After our cave adventure, we returned to our respective yachts, which were anchored in a bay around a headland, a couple hundred yards away that was surrounded on two sides by towering limestone walls. In front of us was a very small but pretty beach. We decided to jump in and swim to shore for a look around. The obnoxiously loud and over-packed tourists boats had finally left the area leaving us some peace and quiet. We were standing around in the water just chatting when I began to feel little pinpricks on my body. At first I ignored it thinking it was just the salt in the water irritating my skin, but soon Paul yelped that something was stinging him. Glor and Frank finally began to feel the stings just as Glor said, “Oh! It’s sea lice biting us!” We all jerked and swam so quickly back toward our boats you’d think we were competing for Olympic medals! From now on I’m donning my dive skin when I jump in. Ugh – I’m creeped out just re-living it.

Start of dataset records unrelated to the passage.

(* Consider the setting in the context, with strike $K\in(0,\infty)$. Let $\bar w=W\left(s_0e^{(\delta-\frac{\eta^2}{2})T}\eta^2T\lambda\gamma(1-\rho^2)\right)$ and suppose $$K\ge\frac1{\lambda\gamma(1-\rho^2)}\left(\frac{\bar w}{\eta^2T}+\frac{\bar w^2}{2\eta^2T}\right).$$ Then $p^{put}=D^{put}+A^{put}$, where $$D^{put}=\lambda e^{-rT}K-\frac{e^{-rT}}{\gamma(1-\rho^2)}\left(\frac{\bar w}{\eta^2T}+\frac{\bar w^2}{2\eta^2T}\right),\qquad A^{put}=\frac{e^{-rT}}{\gamma(1-\rho^2)}\ln\mathbb E(\psi_K(N)),$$ $$\psi_K(y)=\exp\left(-\frac{\bar w}{\eta^2T}\left(e^{\eta\sqrt Ty}-1-\eta\sqrt Ty\right)+\left(\frac{\bar w}{\eta^2T}e^{\eta\sqrt Ty}-\lambda\gamma(1-\rho^2)K\right)_+\right).$$ Moreover $V^{put}(x_0,s_0,\lambda,K)=V^{put}_D(x_0,s_0,\lambda,K)\,V^{put}_A(s_0,\lambda,K)$, where $$V^{put}_D(x_0,s_0,\lambda,K)=-\frac1\gamma\exp\left(-\gamma e^{rT}(x_0-D^{put})-\frac{(\mu-r)^2}{2\sigma^2}T\right),\qquad V^{put}_A(s_0,\lambda,K)=\exp\left(\gamma e^{rT}A^{put}\right).$$
   Context: Fix $T>0$, $r,\nu,\mu,x_0\in\mathbb R$, $\eta>0$, $\sigma>0$, $\rho\in(-1,1)$, $s_0>0$, $\lambda>0$, $\gamma>0$; $N$ is a standard Gaussian random variable; $\delta=\nu-\eta\rho\frac{\mu-r}{\sigma}$; $W$ is the Lambert function (inverse of $x\in(-1,\infty)\mapsto xe^x$); $x_+=\max(x,0)$. (Model: non-traded asset $dS=S(\nu dt+\eta dZ)$, traded asset $dP=P(\mu dt+\sigma dB)$, correlation $\rho$, bond rate $r$, utility $-\frac1\gamma e^{-\gamma x}$; the agent is short $\lambda$ put options with payoff $(K-S_T)_+$.) The selling reservation price and the value function of this short put position are $$p^{put}=\frac{e^{-rT}}{\gamma(1-\rho^2)}\ln\mathbb E\exp\left(\lambda\gamma(1-\rho^2)\left(K-s_0e^{(\delta-\frac{\eta^2}{2})T}e^{\eta\sqrt TN}\right)_+\right),$$ $$V^{put}(x_0,s_0,\lambda,K)=-\frac1\gamma e^{-\gamma x_0e^{rT}-\frac{(\mu-r)^2}{2\sigma^2}T}\left(\mathbb E\exp\left(\lambda\gamma(1-\rho^2)\left(K-s_0e^{(\delta-\frac{\eta^2}{2})T}e^{\eta\sqrt TN}\right)_+\right)\right)^{\frac1{1-\rho^2}}.$$ *)

theory Defs
  imports "HOL-Probability.Probability"
begin

definition lambertW :: "real \<Rightarrow> real" where
  "lambertW z = (THE w. w > -1 \<and> w * exp w = z)"

definition EN :: "(real \<Rightarrow> real) \<Rightarrow> real" where
  "EN f = integral\<^sup>L (density lborel std_normal_density) f"

definition pos_part :: "real \<Rightarrow> real" where
  "pos_part x = max x 0"

definition delta_par :: "real \<Rightarrow> real \<Rightarrow> real \<Rightarrow> real \<Rightarrow> real \<Rightarrow> real \<Rightarrow> real" where
  "delta_par \<nu> \<eta> \<rho> \<mu> r \<sigma> = \<nu> - \<eta> * \<rho> * (\<mu> - r) / \<sigma>"

definition p_put :: "real \<Rightarrow> real \<Rightarrow> real \<Rightarrow> real \<Rightarrow> real \<Rightarrow> real \<Rightarrow> real \<Rightarrow> real
    \<Rightarrow> real \<Rightarrow> real \<Rightarrow> real \<Rightarrow> real" where
  "p_put T r \<nu> \<mu> \<eta> \<sigma> \<rho> \<gamma> s0 lam K =
     exp (- r * T) / (\<gamma> * (1 - \<rho>\<^sup>2)) *
     ln (EN (\<lambda>y. exp (lam * \<gamma> * (1 - \<rho>\<^sup>2) *
        pos_part (K - s0 * exp ((delta_par \<nu> \<eta> \<rho> \<mu> r \<sigma> - \<eta>\<^sup>2 / 2) * T) * exp (\<eta> * sqrt T * y)))))"

definition V_put :: "real \<Rightarrow> real \<Rightarrow> real \<Rightarrow> real \<Rightarrow> real \<Rightarrow> real \<Rightarrow> real \<Rightarrow> real
    \<Rightarrow> real \<Rightarrow> real \<Rightarrow> real \<Rightarrow> real \<Rightarrow> real" where
  "V_put T r \<nu> \<mu> \<eta> \<sigma> \<rho> \<gamma> x0 s0 lam K =
     - (1 / \<gamma>) * exp (- \<gamma> * x0 * exp (r * T) - (\<mu> - r)\<^sup>2 / (2 * \<sigma>\<^sup>2) * T) *
     (EN (\<lambda>y. exp (lam * \<gamma> * (1 - \<rho>\<^sup>2) *
        pos_part (K - s0 * exp ((delta_par \<nu> \<eta> \<rho> \<mu> r \<sigma> - \<eta>\<^sup>2 / 2) * T) * exp (\<eta> * sqrt T * y)))))
       powr (1 / (1 - \<rho>\<^sup>2))"

end

theory Submission
  imports Defs
begin

(* Write a = lam gamma (1 - rho^2), v = eta sqrt T and S_T = c e^{vN}, and let w = W(c v^2 a),
   i.e. w e^w = c v^2 a.  Shifting N by the drift w/v (Cameron-Martin) multiplies the density by
   exp (w z / v - w^2 / (2 v^2)) and turns c e^{v (z - w/v)} into (w / (a v^2)) e^{vz}; with
   (x)_+ = x + (-x)_+ the exponent a (K - S_T)_+ becomes a K - w/v^2 - w^2/(2 v^2) plus the
   exponent of psi_K.  So E exp (a (K - S_T)_+) = exp (a K - ...) E psi_K(N), and its logarithm
   splits p^put into D^put + A^put.  As V^put is the Merton value function at the reduced wealth
   x_0 - p^put, it factorizes accordingly. *)

lemma strict_mono_on_times_exp: "strict_mono_on {0..} (\<lambda>x::real. x * exp x)"
  by (rule strict_mono_onI) (simp add: mult_strict_mono)

lemma lambertW_times_exp:
  fixes z :: real
  assumes "0 \<le> z"
  shows "lambertW z * exp (lambertW z) = z"
proof -
  have "\<exists>w. 0 \<le> w \<and> w \<le> z \<and> w * exp w = z"
    using assms by (intro IVT allI impI continuous_intros) (auto simp: mult_le_cancel_left1)
  then obtain w where w: "0 \<le> w" "w * exp w = z" by blast
  have "u = w" if u: "u > -1" "u * exp u = z" for u
  proof -
    have "0 \<le> u"
      using u assms by (metis exp_gt_zero mult_neg_pos not_le)
    then show ?thesis
      using strict_mono_on_times_exp[THEN strict_mono_on_imp_inj_on] w u
      by (auto dest: inj_onD)
  qed
  then have "lambertW z = w"
    unfolding lambertW_def using w by (intro the_equality) auto
  with w show ?thesis by simp
qed

lemma EN_eq_integral_lborel:
  "f \<in> borel_measurable borel \<Longrightarrow> EN f = (\<integral>x. std_normal_density x * f x \<partial>lborel)"
  unfolding EN_def by (subst integral_density) auto

lemma EN_Cameron_Martin:
  fixes m :: real
  assumes "f \<in> borel_measurable borel"
  shows "EN f = EN (\<lambda>z. exp (m * z - m\<^sup>2 / 2) * f (z - m))"
proof -
  have density_shift: "std_normal_density (z - m) = std_normal_density z * exp (m * z - m\<^sup>2 / 2)" for z
    by (simp add: normal_density_def exp_add[symmetric] power2_eq_square algebra_simps diff_divide_distrib)
  have "EN f = (\<integral>z. std_normal_density (- m + 1 * z) * f (- m + 1 * z) \<partial>lborel)"
    unfolding EN_eq_integral_lborel[OF assms]
    by (rule lborel_integral_real_affine[where c = 1 and t = "- m", THEN trans]) simp_all
  also have "\<dots> = (\<integral>z. std_normal_density z * (exp (m * z - m\<^sup>2 / 2) * f (z - m)) \<partial>lborel)"
    by (simp add: density_shift mult.assoc)
  also have "\<dots> = EN (\<lambda>z. exp (m * z - m\<^sup>2 / 2) * f (z - m))"
    using assms by (simp add: EN_eq_integral_lborel)
  finally show ?thesis .
qed

lemma EN_ge_const:
  assumes "f \<in> borel_measurable borel" and "\<And>x. b \<le> f x" and "\<And>x. \<bar>f x\<bar> \<le> C"
  shows "b \<le> EN f"
proof -
  interpret real_distribution std_normal_distribution
    by (rule real_dist_normal_dist)
  have "integrable std_normal_distribution f"
    using assms(1,3) by (intro integrable_const_bound[where B = C]) auto
  then show ?thesis
    unfolding EN_def using assms(2) by (intro integral_ge_const) auto
qed

lemma pos_part_eq_add_pos_part_uminus: "pos_part x = x + pos_part (- x)"
  by (simp add: pos_part_def max_def)

lemma pos_part_mult_nonneg: "0 \<le> a \<Longrightarrow> a * pos_part x = pos_part (a * x)"
  by (simp add: pos_part_def max_mult_distrib_left)

lemma put_exponent_shift:
  fixes a c v w K z :: real
  assumes "0 \<le> a" and "0 < v" and "w * exp w = c * v\<^sup>2 * a"
  shows "exp (w / v * z - (w / v)\<^sup>2 / 2) * exp (a * pos_part (K - c * exp (v * (z - w / v))))
       = exp (a * K - (w / v\<^sup>2 + w\<^sup>2 / (2 * v\<^sup>2)))
         * exp (- (w / v\<^sup>2) * (exp (v * z) - 1 - v * z) + pos_part (w / v\<^sup>2 * exp (v * z) - a * K))"
proof -
  have "exp (v * (z - w / v)) = exp (- w) * exp (v * z)"
    using assms(2) by (simp add: exp_add[symmetric] field_simps)
  then have "a * (c * exp (v * (z - w / v))) = (a * c * exp (- w)) * exp (v * z)"
    by (simp add: mult_ac)
  also have "a * c * exp (- w) = w / v\<^sup>2"
    using assms(2,3) by (simp add: exp_minus field_simps)
  finally have spot: "a * (c * exp (v * (z - w / v))) = w / v\<^sup>2 * exp (v * z)" .
  have "a * pos_part (K - c * exp (v * (z - w / v))) = pos_part (a * K - w / v\<^sup>2 * exp (v * z))"
    using pos_part_mult_nonneg[OF assms(1)] spot by (simp add: right_diff_distrib)
  also have "\<dots> = a * K - w / v\<^sup>2 * exp (v * z) + pos_part (w / v\<^sup>2 * exp (v * z) - a * K)"
    by (subst pos_part_eq_add_pos_part_uminus) simp
  finally have payoff: "a * pos_part (K - c * exp (v * (z - w / v)))
      = a * K - w / v\<^sup>2 * exp (v * z) + pos_part (w / v\<^sup>2 * exp (v * z) - a * K)" .
  have exponent: "w / v * z - (w / v)\<^sup>2 / 2 + (a * K - w / v\<^sup>2 * E + P)
      = a * K - (w / v\<^sup>2 + w\<^sup>2 / (2 * v\<^sup>2)) + (- (w / v\<^sup>2) * (E - 1 - v * z) + P)" for E P
    using assms(2) by (simp add: field_simps power2_eq_square)
  show ?thesis
    unfolding exp_add[symmetric] payoff exponent ..
qed

lemma one_le_EN_exp_put_payoff:
  fixes a c v K :: real
  assumes "0 \<le> a" and "0 \<le> c"
  shows "1 \<le> EN (\<lambda>y. exp (a * pos_part (K - c * exp (v * y))))"
proof (rule EN_ge_const)
  show "(\<lambda>y. exp (a * pos_part (K - c * exp (v * y)))) \<in> borel_measurable borel"
    unfolding pos_part_def by measurable
  show "1 \<le> exp (a * pos_part (K - c * exp (v * y)))" for y
    using assms(1) by (simp add: pos_part_def)
  have "pos_part (K - c * exp (v * y)) \<le> pos_part K" for y
    unfolding pos_part_def by (rule max.mono) (use assms(2) in simp_all)
  then show "\<bar>exp (a * pos_part (K - c * exp (v * y)))\<bar> \<le> exp (a * pos_part K)" for y
    using assms(1) by (simp add: mult_left_mono)
qed

lemma EN_exp_put_payoff:
  fixes a c v w K :: real
  assumes "0 \<le> a" and "0 < v" and "w * exp w = c * v\<^sup>2 * a"
  shows "EN (\<lambda>y. exp (a * pos_part (K - c * exp (v * y))))
       = exp (a * K - (w / v\<^sup>2 + w\<^sup>2 / (2 * v\<^sup>2)))
         * EN (\<lambda>y. exp (- (w / v\<^sup>2) * (exp (v * y) - 1 - v * y) + pos_part (w / v\<^sup>2 * exp (v * y) - a * K)))"
proof -
  let ?F = "\<lambda>y. exp (a * pos_part (K - c * exp (v * y)))"
  have "?F \<in> borel_measurable borel"
    unfolding pos_part_def by measurable
  then have "EN ?F = EN (\<lambda>z. exp (w / v * z - (w / v)\<^sup>2 / 2) * ?F (z - w / v))"
    by (rule EN_Cameron_Martin)
  also have "\<dots> = EN (\<lambda>z. exp (a * K - (w / v\<^sup>2 + w\<^sup>2 / (2 * v\<^sup>2)))
      * exp (- (w / v\<^sup>2) * (exp (v * z) - 1 - v * z) + pos_part (w / v\<^sup>2 * exp (v * z) - a * K)))"
    unfolding put_exponent_shift[OF assms] ..
  finally show ?thesis
    unfolding EN_def by simp
qed

lemma V_put_eq_value_at_reduced_wealth:
  assumes "0 < \<gamma>" and "-1 < \<rho>" and "\<rho> < 1" and "0 \<le> s0" and "0 \<le> lam"
  shows "V_put T r \<nu> \<mu> \<eta> \<sigma> \<rho> \<gamma> x0 s0 lam K
       = - (1 / \<gamma>) * exp (- \<gamma> * exp (r * T) * (x0 - p_put T r \<nu> \<mu> \<eta> \<sigma> \<rho> \<gamma> s0 lam K)
                           - (\<mu> - r)\<^sup>2 / (2 * \<sigma>\<^sup>2) * T)"
proof -
  define X where "X = EN (\<lambda>y. exp (lam * \<gamma> * (1 - \<rho>\<^sup>2) *
    pos_part (K - s0 * exp ((delta_par \<nu> \<eta> \<rho> \<mu> r \<sigma> - \<eta>\<^sup>2 / 2) * T) * exp (\<eta> * sqrt T * y))))"
  have d: "0 < 1 - \<rho>\<^sup>2"
    using assms(2,3) by (simp add: abs_square_less_1 abs_less_iff)
  have "1 \<le> X"
    unfolding X_def using assms d
    by (intro one_le_EN_exp_put_payoff[where v = "\<eta> * sqrt T"]) simp_all
  moreover have "\<gamma> * exp (r * T) * (exp (- r * T) / (\<gamma> * (1 - \<rho>\<^sup>2)) * ln X) = ln X / (1 - \<rho>\<^sup>2)"
    using assms(1) d by (simp add: exp_minus field_simps)
  ultimately show ?thesis
    unfolding V_put_def p_put_def X_def[symmetric]
    by (simp add: powr_def right_diff_distrib exp_add[symmetric])
qed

I was getting real uneasy because we had been completely incommunicado for days now. We didn’t have Thai SIM cards for our cell phones or Frank’s iPad. There was no wifi around. Our Sat Phone was out of minutes and our SSB antenna didn’t get reconnected when the riggers put Destiny back in the water, so we didn’t have access to internet, Sailmail or phone service. Last time we were completely out of touch something dreadful had happened back home and no one could reach us. I told Frank I had a bad feeling about this. Of course he said I worry too much (true) and everything was probably fine.

Wednesday, December 19th, we arrived at Phi Phi Don, pronounced pee pee don. It is a thriving tourist island that was all but wiped out in the 2004 Boxing Day Tsunami, but I’m here to tell you it is fully recovered and is teeming with young bodies, loud music and a rhythm all it’s own. Frank and I looked at each other and said. “Wow if only I were 30/40 years younger…” We had lunch at a beach bar and then wandered around a bit. Eventually we spotted a 7 Eleven where we were able to get a phone SIM and picked up wifi at a local bar. As soon as I booted up my computer, the first email I saw was from my brother telling me my mom had suffered a stroke. I was beside myself with anguish.

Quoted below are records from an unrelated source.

lemma unitary_scalar_prod:
  assumes U: "unitary_mat n U" and u: "u \<in> carrier_vec n" and v: "v \<in> carrier_vec n"
  shows "conjugate (mat_adjoint U *\<^sub>v v) \<bullet> (mat_adjoint U *\<^sub>v u) = conjugate v \<bullet> u"
proof -
  have Uc: "U \<in> carrier_mat n n" using U unitary_mat_carrier by auto
  have "conjugate v \<bullet> u = conjugate v \<bullet> (U *\<^sub>v (mat_adjoint U *\<^sub>v u))"
    by (simp only: unitary_mult_adjoint_vec_cancel[OF U u])
  also have "\<dots> = conjugate (mat_adjoint U *\<^sub>v v) \<bullet> (mat_adjoint U *\<^sub>v u)"
    using Uc u v by (intro scalar_prod_mat_adjoint) auto
  finally show ?thesis by simp
qed

lemma unitary_cvec_sq_norm:
  assumes "unitary_mat n U" "v \<in> carrier_vec n"
  shows "cvec_sq_norm (mat_adjoint U *\<^sub>v v) = cvec_sq_norm v"
  using unitary_scalar_prod[OF assms(1,2,2)] by (simp add: conjugate_scalar_prod_self)

lemma unitary_col_sq_norm:
  assumes U: "unitary_mat n U" and j: "j < n"
  shows "(\<Sum>i<n. (cmod (U $$ (i,j)))^2) = 1"
proof -
  have Uc: "U \<in> carrier_mat n n" using U unitary_mat_carrier by blast
  have "complex_of_real (\<Sum>i<n. (cmod (U $$ (i,j)))^2) = (\<Sum>i<n. U $$ (i,j) * cnj (U $$ (i,j)))"
    unfolding of_real_sum complex_norm_square ..
  also have "\<dots> = (mat_adjoint U * U) $$ (j,j)"
    using Uc j by (simp add: index_mult_mat_sum[OF mat_adjoint_carrier[OF Uc] Uc j j] mult.commute)
  also have "\<dots> = 1" using U j unfolding unitary_mat_def by simp
  finally show ?thesis by (simp only: of_real_eq_1_iff)
qed

lemma unitary_row_sq_norm:
  assumes U: "unitary_mat n U" and i: "i < n"
  shows "(\<Sum>j<n. (cmod (U $$ (i,j)))^2) = 1"
proof -
  have "(\<Sum>j<n. (cmod (U $$ (i,j)))^2) = (\<Sum>j<n. (cmod (mat_adjoint U $$ (j,i)))^2)"
    using unitary_mat_carrier[OF U] i by (intro sum.cong) auto
  then show ?thesis using unitary_col_sq_norm[OF unitary_mat_adjoint[OF U] i] by simp
qed

lemma unitary_col_neq_zero:
  assumes "unitary_mat n U" "i < n"
  shows "col U i \<noteq> 0\<^sub>v n"
proof
  assume "col U i = 0\<^sub>v n"
  then have "U $$ (l,i) = 0" if "l < n" for l
    using that assms unitary_mat_carrier[OF assms(1)] by (metis carrier_matD index_col index_zero_vec(1))
  then show False using unitary_col_sq_norm[OF assms] by simp
qed

text \<open>For an eigenbasis \<open>U\<close> of a Hermitian matrix these are the masses of the spectral
  measure of \<open>u\<close>.\<close>

definition spectral_weight :: "complex mat \<Rightarrow> complex Matrix.vec \<Rightarrow> nat \<Rightarrow> real" where
  "spectral_weight U u j = (cmod ((mat_adjoint U *\<^sub>v u) $ j))^2"

lemma spectral_weight_nonneg: "0 \<le> spectral_weight U u j"
  unfolding spectral_weight_def by simp

lemma sum_spectral_weight:
  assumes "unitary_mat n U" "u \<in> carrier_vec n"
  shows "(\<Sum>j<n. spectral_weight U u j) = cvec_sq_norm u"
  using unitary_cvec_sq_norm[OF assms] assms unitary_mat_carrier[OF assms(1)]
  by (simp add: spectral_weight_def cvec_sq_norm_def)

lemma real_diag_mat_carrier [simp]: "real_diag_mat n d \<in> carrier_mat n n"
  and real_diag_mat_dim [simp]: "dim_row (real_diag_mat n d) = n" "dim_col (real_diag_mat n d) = n"
  unfolding real_diag_mat_def by auto

lemma real_diag_mat_index [simp]:
  "i < n \<Longrightarrow> j < n \<Longrightarrow> real_diag_mat n d $$ (i,j) = (if i = j then complex_of_real (d i) else 0)"
  unfolding real_diag_mat_def by auto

The email said Mom was taken to a hospital in Houston, my sister was on her way there from Dallas and Mom had been stabilized, whatever that meant at the time. I could not reach anyone back home and was not anywhere in a position that I could even consider getting a flight home. We weren’t even legally checked into Thailand yet. I cannot begin to express my emotional pain, guilt, frustration and grief at this moment in time. The rest of the next couple of days was a blur. I used my entire bank of phone minutes trying to call someone, anyone back home. I connected with my sister very briefly to find that she was with my parents and that everything was being handled, Mom was stable and resting, tests were being run, and that there was no need for me to rush home. Then we were out of touch again until we finally arrived at Yacht Haven Marina, Phuket on the afternoon of December 20th.

1 comment:

Judy & Bill Rouse aboard S/V BeBe said...

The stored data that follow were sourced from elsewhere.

(* Since the weights are positive, the multirank of E, and hence that of any subsheaf F, is
   bounded, so the w-rank r' of F takes only finitely many values; and d' ranges over a
   translate of the integers. For fixed (r', k') the critical values
   (r d' - r' d) / (r' k - r k') therefore form an arithmetic progression, of which only
   finitely many terms lie in (0, M).
   After clearing the positive denominators, mu_alpha(F,U) < mu_alpha(E,V) says that an
   affine function of alpha is positive. Its sign can only differ at alpha1 and alpha2 if
   its root, a critical value, lies in [alpha1, alpha2]. *)

lemma affine_sign_change_root:
  fixes a b x y :: real
  assumes "x \<le> y" and "(0 < a + x * b) \<noteq> (0 < a + y * b)"
  shows "b \<noteq> 0" and "- a / b \<in> {x..y}"
proof -
  show "b \<noteq> 0" using assms(2) by auto
  then consider "0 < b" | "b < 0" by linarith
  then show "- a / b \<in> {x..y}"
  proof cases
    case 1
    moreover have "x * b \<le> y * b"
      using mult_right_mono[OF assms(1)] 1 by simp
    ultimately have "a + x * b \<le> 0" "0 \<le> a + y * b"
      using assms(2) by linarith+
    with 1 show ?thesis by (simp add: field_simps)
  next
    case 2
    moreover have "y * b \<le> x * b"
      using mult_right_mono_neg[OF assms(1)] 2 by simp
    ultimately have "a + y * b \<le> 0" "0 \<le> a + x * b"
      using assms(2) by linarith+
    with 2 show ?thesis by (simp add: field_simps)
  qed
qed

lemma finite_bounded_arith_progression:
  fixes p q a b :: real
  assumes "p \<noteq> 0"
  shows "finite {x. a \<le> x \<and> x \<le> b \<and> (\<exists>m::int. x = p * of_int m + q)}"
proof -
  define B where "B = \<lceil>(\<bar>a\<bar> + \<bar>b\<bar> + \<bar>q\<bar>) / \<bar>p\<bar>\<rceil>"
  have "{x. a \<le> x \<and> x \<le> b \<and> (\<exists>m::int. x = p * of_int m + q)} \<subseteq>
      (\<lambda>m. p * of_int m + q) ` {-B..B}"
  proof clarify
    fix m :: int
    assume "a \<le> p * of_int m + q" and "p * of_int m + q \<le> b"
    then have "\<bar>p\<bar> * \<bar>of_int m\<bar> \<le> \<bar>a\<bar> + \<bar>b\<bar> + \<bar>q\<bar>"
      by (simp add: abs_mult[symmetric])
    then have "\<bar>of_int m\<bar> \<le> (\<bar>a\<bar> + \<bar>b\<bar> + \<bar>q\<bar>) / \<bar>p\<bar>"
      using assms by (simp add: field_simps)
    then have "\<bar>m\<bar> \<le> B"
      unfolding B_def by linarith
    then show "p * of_int m + q \<in> (\<lambda>m. p * of_int m + q) ` {-B..B}"
      by (intro imageI) auto
  qed
  then show ?thesis
    by (rule finite_subset) simp
qed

Your experience with 'sea lice' made me research the topic. Kept hearing about 'sea lice' when we were around Australia but never heard the term in the Caribbean. Here is what I learned:
"Sea lice are actually fish parasites, do not affect humans, and have nothing to do with sea bather's eruption, which is caused by the larvae of jellyfish."

I never saw so many jellyfish as were in Thai waters when we were there. We never got into the water even though it looked so inviting on those oh-so-hot days.